La grande pénurie publicitaire
Les cimetières sont remplis de sociétés qui n’ont pas compris les règles du jeu.
Toute entreprise est, ou sera bientôt, d’abord dans le métier du logiciel, voire de l’application mobile pour deux raisons:
Il faut chercher le client là où est son attention c’est à dire sur son portable connecté avec ses écouteurs, sa montre, son ordinateur, sa TV . Tout démarre avec une application et s’y poursuit souvent (MacOS adopte le format par exemple). La différence avec l’ère pré-mobilité est qu’on navigue à presque 100% dans le monde virtuel, même quand on évolue dans le monde réel. L’attention est moins fragmentée, elle porte 24 heures sur 24 sur un rectangle de 7cm sur 15 cm où tout l’immobilier est concentré et où on se ballade entre les applications.
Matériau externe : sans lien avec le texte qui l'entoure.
(* Let $(f_n):\underline G=(G_n,p_n)\to\underline H=(H_n,q_n)$ be a level morphism of inverse sequences of groups such that the induced map $\tilde f:\varprojlim\underline G\to\varprojlim\underline H$, $\tilde f((g_n))=(f_n(g_n))$, is an isomorphism of groups. If $\tilde f$ is open (with respect to the inverse limit topologies, each $G_n$, $H_n$ discrete) and $\underline G$ is Mittag-Leffler, then the morphism $\underline f:\underline G\to\underline H$ of \textbf{Tower-Grp} determined by $(f_n)$ is a monomorphism in \textbf{Tower-Grp}.
   Context: A level morphism $(f_n)$ consists of homomorphisms $f_n:G_n\to H_n$ with $f_n\circ p_n=q_n\circ f_{n+1}$ for all $n$ (i.e. $\Phi=\mathrm{id}$). $p_{nm}=p_n\circ\cdots\circ p_{m-1}$; Mittag-Leffler: for every $n_0$ there is $n_1>n_0$ with $p_{n_0n}(G_n)=p_{n_0n_1}(G_{n_1})$ for all $n>n_1$. \textbf{Tower-Grp}: objects inverse sequences of groups; morphisms $(f_n,\Phi)$ with $\Phi:\mathbb{N}\to\mathbb{N}$, homomorphisms $f_n:G_{\Phi(n)}\to H_n$ such that for all $n'>n$ there is $m\ge\Phi(n),\Phi(n')$ with $f_n\circ p_{\Phi(n)m}=q_{nn'}\circ f_{n'}\circ p_{\Phi(n')m}$, modulo the relation: $(f_n,\Phi)\sim(g_n,\Psi)$ if every $n$ admits $m\ge\Phi(n),\Psi(n)$ with $f_n\circ p_{\Phi(n)m}=g_n\circ p_{\Psi(n)m}$. A monomorphism is a morphism $u$ with $u\circ a=u\circ b\Rightarrow a=b$. *)

theory Defs
  imports "HOL-Analysis.Analysis" "HOL-Algebra.Group"
begin

definition is_tower :: "(nat \<Rightarrow> ('a, 'm) monoid_scheme) \<Rightarrow> (nat \<Rightarrow> 'a \<Rightarrow> 'a) \<Rightarrow> bool" where
  "is_tower G p \<longleftrightarrow> (\<forall>n. group (G n) \<and> p n \<in> hom (G (Suc n)) (G n))"

fun tower_map :: "(nat \<Rightarrow> 'a \<Rightarrow> 'a) \<Rightarrow> nat \<Rightarrow> nat \<Rightarrow> 'a \<Rightarrow> 'a" where
  "tower_map p n 0 = id"
| "tower_map p n (Suc k) = tower_map p n k \<circ> p (n + k)"

definition bond :: "(nat \<Rightarrow> 'a \<Rightarrow> 'a) \<Rightarrow> nat \<Rightarrow> nat \<Rightarrow> 'a \<Rightarrow> 'a" where
  "bond p n m = tower_map p n (m - n)"

definition level_morphism ::
  "(nat \<Rightarrow> ('a, 'm) monoid_scheme) \<Rightarrow> (nat \<Rightarrow> 'a \<Rightarrow> 'a) \<Rightarrow>
   (nat \<Rightarrow> ('b, 'n) monoid_scheme) \<Rightarrow> (nat \<Rightarrow> 'b \<Rightarrow> 'b) \<Rightarrow> (nat \<Rightarrow> 'a \<Rightarrow> 'b) \<Rightarrow> bool" where
  "level_morphism G p H q f \<longleftrightarrow>
     (\<forall>n. f n \<in> hom (G n) (H n) \<and>
          (\<forall>x \<in> carrier (G (Suc n)). f n (p n x) = q n (f (Suc n) x)))"

text \<open>Morphism (f_n, Phi) of Tower-Grp (a representative).\<close>
definition tower_morph ::
  "(nat \<Rightarrow> ('a, 'm) monoid_scheme) \<Rightarrow> (nat \<Rightarrow> 'a \<Rightarrow> 'a) \<Rightarrow>
   (nat \<Rightarrow> ('b, 'n) monoid_scheme) \<Rightarrow> (nat \<Rightarrow> 'b \<Rightarrow> 'b) \<Rightarrow>
   (nat \<Rightarrow> 'a \<Rightarrow> 'b) \<Rightarrow> (nat \<Rightarrow> nat) \<Rightarrow> bool" where
  "tower_morph G p H q f \<Phi> \<longleftrightarrow>
     (\<forall>n. f n \<in> hom (G (\<Phi> n)) (H n)) \<and>
     (\<forall>n n'. n < n' \<longrightarrow> (\<exists>m. \<Phi> n \<le> m \<and> \<Phi> n' \<le> m \<and>
        (\<forall>x \<in> carrier (G m).
           f n (bond p (\<Phi> n) m x) = bond q n n' (f n' (bond p (\<Phi> n') m x)))))"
Même en voiture, on reste scotché sur son écran !
le logiciel permet l’interactivité et la personnalisation, donc l’offre de produits qui s’adaptent en temps réel et progressent, plutôt que d’usines à gaz qui restent au fond d’un placard. Le logiciel se substitue peu à peu au matériel car il est plus souple, on peut lui imprimer de l’intelligence. C’est moins cher et beaucoup plus efficace.
Ces deux éléments font qu’une entreprise qui ne se convertit pas à la mentalité logiciel et ne devient pas un constructeur de code est reléguée aux arrières postes (Build or die selon l’expression de Jeff Lawson, PDG de Twilio). Dans ce nouveau monde, le code est la pièce maîtresse, la matière première à transformer et assembler dans un écosystème de cloud et d’API. Tout le monde finit par être dans le même métier ! Le problème est que cette convergence vers le digital et le monde des applications crée un énorme goulet d’étranglement car la cible de l’économie toute entière est contenue dans un écran de 7X15 cm2. Il y a déjà 4,8 millions d’applications sur le Google play Store et l’Apple store avec en plus les web apps qui pointent leur nez. La lutte pour l’immobilier (digital) le mieux placé ne peut être qu’intense et vitale pour acquérir le client et le conserver. C’est là que le bât blesse: l’immobilier digital placé stratégiquement, celui qui est capable de véhiculer de la publicité, se concentre.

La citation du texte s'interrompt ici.